Auch in der Nachwuchsarbeit ist Ihre Konkurrenz groß. Viele bekannte Vereine in der Metropolregion legen einen besonderen Schwerpunkt auf ihre Leistungszentren. Wie kämpfen Sie um die Talente, die es braucht, um in der A-Junioren Regionalliga mitzuhalten?

 

Zunächst ist es uns wichtig, dass wir unsere eigenen Talente sehr gut ausbilden und möglichst auf das hohe Niveau in der A-Junioren Regionalliga vorbereiten. Zusätzlich schauen wir natürlich nach Spielern, die von den Leistungszentren vor allem in Mainz, Kaiserslautern und Sandhausen nicht übernommen werden. Hier konnten wir schon oft die betreffenden Jungs mit den guten Perspektiven in unserem Verein überzeugen.

 

Hat sich die Leistungsdichte der Jugendspieler durch den stärkeren Fokus auf die Ausbildung merklich erhöht?

 

Die Ausbildung von jungen Fußballern steht bei uns, wie bei vielen anderen Vereinen auch, absolut im Vordergrund. Wir setzen hierbei qualifizierte Trainer ein, die meist aus der nahen Umgebung von Worms kommen. Dadurch erreichen wir, dass die Leistunsgsdichte größer wird und wir über einen entsprechend großen Pool von Talenten verfügen.

 

Andrew Wooten spielte bis 2009 bei der Wormatia. Inzwischen ist er Bundesliga- und amerikanischer Nationalspieler.
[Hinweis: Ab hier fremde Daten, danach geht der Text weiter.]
lemma higher_deriv_along_line_le:
  assumes p: "\<And>z. p (x0 + r *\<^sub>R z) = bipoly N c z" and "0 < r"
    and "\<bar>fst y\<bar> \<le> M" "\<bar>snd y\<bar> \<le> M" "\<bar>fst d\<bar> \<le> M" "\<bar>snd d\<bar> \<le> M" "1 \<le> M"
  shows "\<bar>(deriv ^^ j) (\<lambda>t. p (x0 + r *\<^sub>R y + t *\<^sub>R d)) 0\<bar>
    \<le> fact j / r ^ j * (coeff_l1 N c * (2 * M) ^ (2 * N))"
proof -
  have "p (x0 + r *\<^sub>R y + t *\<^sub>R d) = poly (pcompose (line_poly N c y d) [:0, 1 / r:]) t" for t
  proof -
    have "x0 + r *\<^sub>R y + t *\<^sub>R d = x0 + r *\<^sub>R (y + (t / r) *\<^sub>R d)"
      using \<open>0 < r\<close> by (simp add: algebra_simps)
    then show ?thesis by (simp only:) (simp add: poly_pcompose poly_line_poly p)
  qed
  then have "(\<lambda>t. p (x0 + r *\<^sub>R y + t *\<^sub>R d)) = poly (pcompose (line_poly N c y d) [:0, 1 / r:])"
    by (rule ext)
  then have "(deriv ^^ j) (\<lambda>t. p (x0 + r *\<^sub>R y + t *\<^sub>R d)) 0 = fact j * ((1 / r) ^ j * coeff (line_poly N c y d) j)"
    by (simp add: higher_deriv_poly_at_0 coeff_pcompose_linear)
  moreover have "\<bar>coeff (line_poly N c y d) j\<bar> \<le> coeff_l1 N c * (2 * M) ^ (2 * N)"
    using assms(3-) by (rule abs_coeff_line_poly_le)
  ultimately show ?thesis
    using \<open>0 < r\<close> by (auto simp: abs_mult power_one_over intro!: divide_right_mono mult_left_mono)
qed

lemma norm_dirderiv_le:
  assumes c1: "\<And>z. fst (v (x0 + r *\<^sub>R z)) = bipoly N c1 z"
    and c2: "\<And>z. snd (v (x0 + r *\<^sub>R z)) = bipoly N c2 z"
    and "0 < r" "0 \<le> R" "norm (x - x0) \<le> R * r" "norm d = 1"
  shows "norm (dirderiv j d v x)
    \<le> fact j / r ^ j * ((2 * (1 + R)) ^ (2 * N) * (coeff_l1 N c1 + coeff_l1 N c2))"
proof -
  define y where "y = (1 / r) *\<^sub>R (x - x0)"
  have x: "x = x0 + r *\<^sub>R y" using \<open>0 < r\<close> by (simp add: y_def)
  have "norm y \<le> R" using assms(3,5) by (simp add: y_def divide_le_eq mult.commute)
  then have y_bounds: "\<bar>fst y\<bar> \<le> 1 + R" "\<bar>snd y\<bar> \<le> 1 + R"
    using norm_fst_le[of "fst y" "snd y"] norm_snd_le[of "snd y" "fst y"] by auto
  have d_bounds: "\<bar>fst d\<bar> \<le> 1 + R" "\<bar>snd d\<bar> \<le> 1 + R"
    using assms(4,6) norm_fst_le[of "fst d" "snd d"] norm_snd_le[of "snd d" "fst d"] by auto
  have "norm (dirderiv j d v x)
      \<le> \<bar>(deriv ^^ j) (\<lambda>t. fst (v (x + t *\<^sub>R d))) 0\<bar> + \<bar>(deriv ^^ j) (\<lambda>t. snd (v (x + t *\<^sub>R d))) 0\<bar>"
    unfolding dirderiv_def by (rule order.trans[OF norm_Pair_le]) simp
  also have "\<dots> \<le> fact j / r ^ j * (coeff_l1 N c1 * (2 * (1 + R)) ^ (2 * N))
      + fact j / r ^ j * (coeff_l1 N c2 * (2 * (1 + R)) ^ (2 * N))"
    unfolding x using assms(3,4) y_bounds d_bounds
    by (intro add_mono higher_deriv_along_line_le[OF c1] higher_deriv_along_line_le[OF c2]) auto
  finally show ?thesis by (simp add: algebra_simps)
qed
Sind solche Sprünge auch heute noch möglich, wo so viele Scouts die Talente schon sehr früh zu großen Vereinen locken?

 

Zunächst muß ich sagen, dass wir unheimlich stolz auf Andrews Entwicklung sind. Er hat ja fast seine ganze Jugendzeit bei uns verbracht und ich denke, wir haben hier auch einen großen Teil zu seinem Erfolg beigetragen. Allerdings ist ein solcher Sprung heutzutage doch eher die Ausnahme, dennoch halte ich es immer wieder für möglich. Es hat sich in manchen Fällen auch gezeigt, dass eine Ausbildung ohne den großen Druck, der in den Leistungszentren existiert, durchaus geeignet ist, um eine Profikarriere zu ermöglichen.

 

Ihr Tagesgeschäft ist es vermutlich eher, Spieler für die eigene Herrenmannschaft in der Regionalliga Südwest vorzubereiten. Wie gut gelingt es Ihnen, Eigengewächse einzubauen?

 

Ja, darauf liegt sicher unser Hauptaugenmerk. Gerade in den letzten Jahren ist es uns ausgesprochen gut gelungen, Eigengewächse in unserer Ersten, aber auch in unserer U23 zu integrieren. Beste Beispiele sind aktuell Sandro Löchelt, Sebastian Schmitt und Fabio Schmidt. Und wir sind sehr zuversichtlich, dass es auf diesem Weg weitergehen wird, zumal die Zusammenarbeit mit unserem Trainerteam der ersten Mannschaft, Steven Jones, Max Mehring und Mario Cuc, sehr eng und vertrauensvoll ist.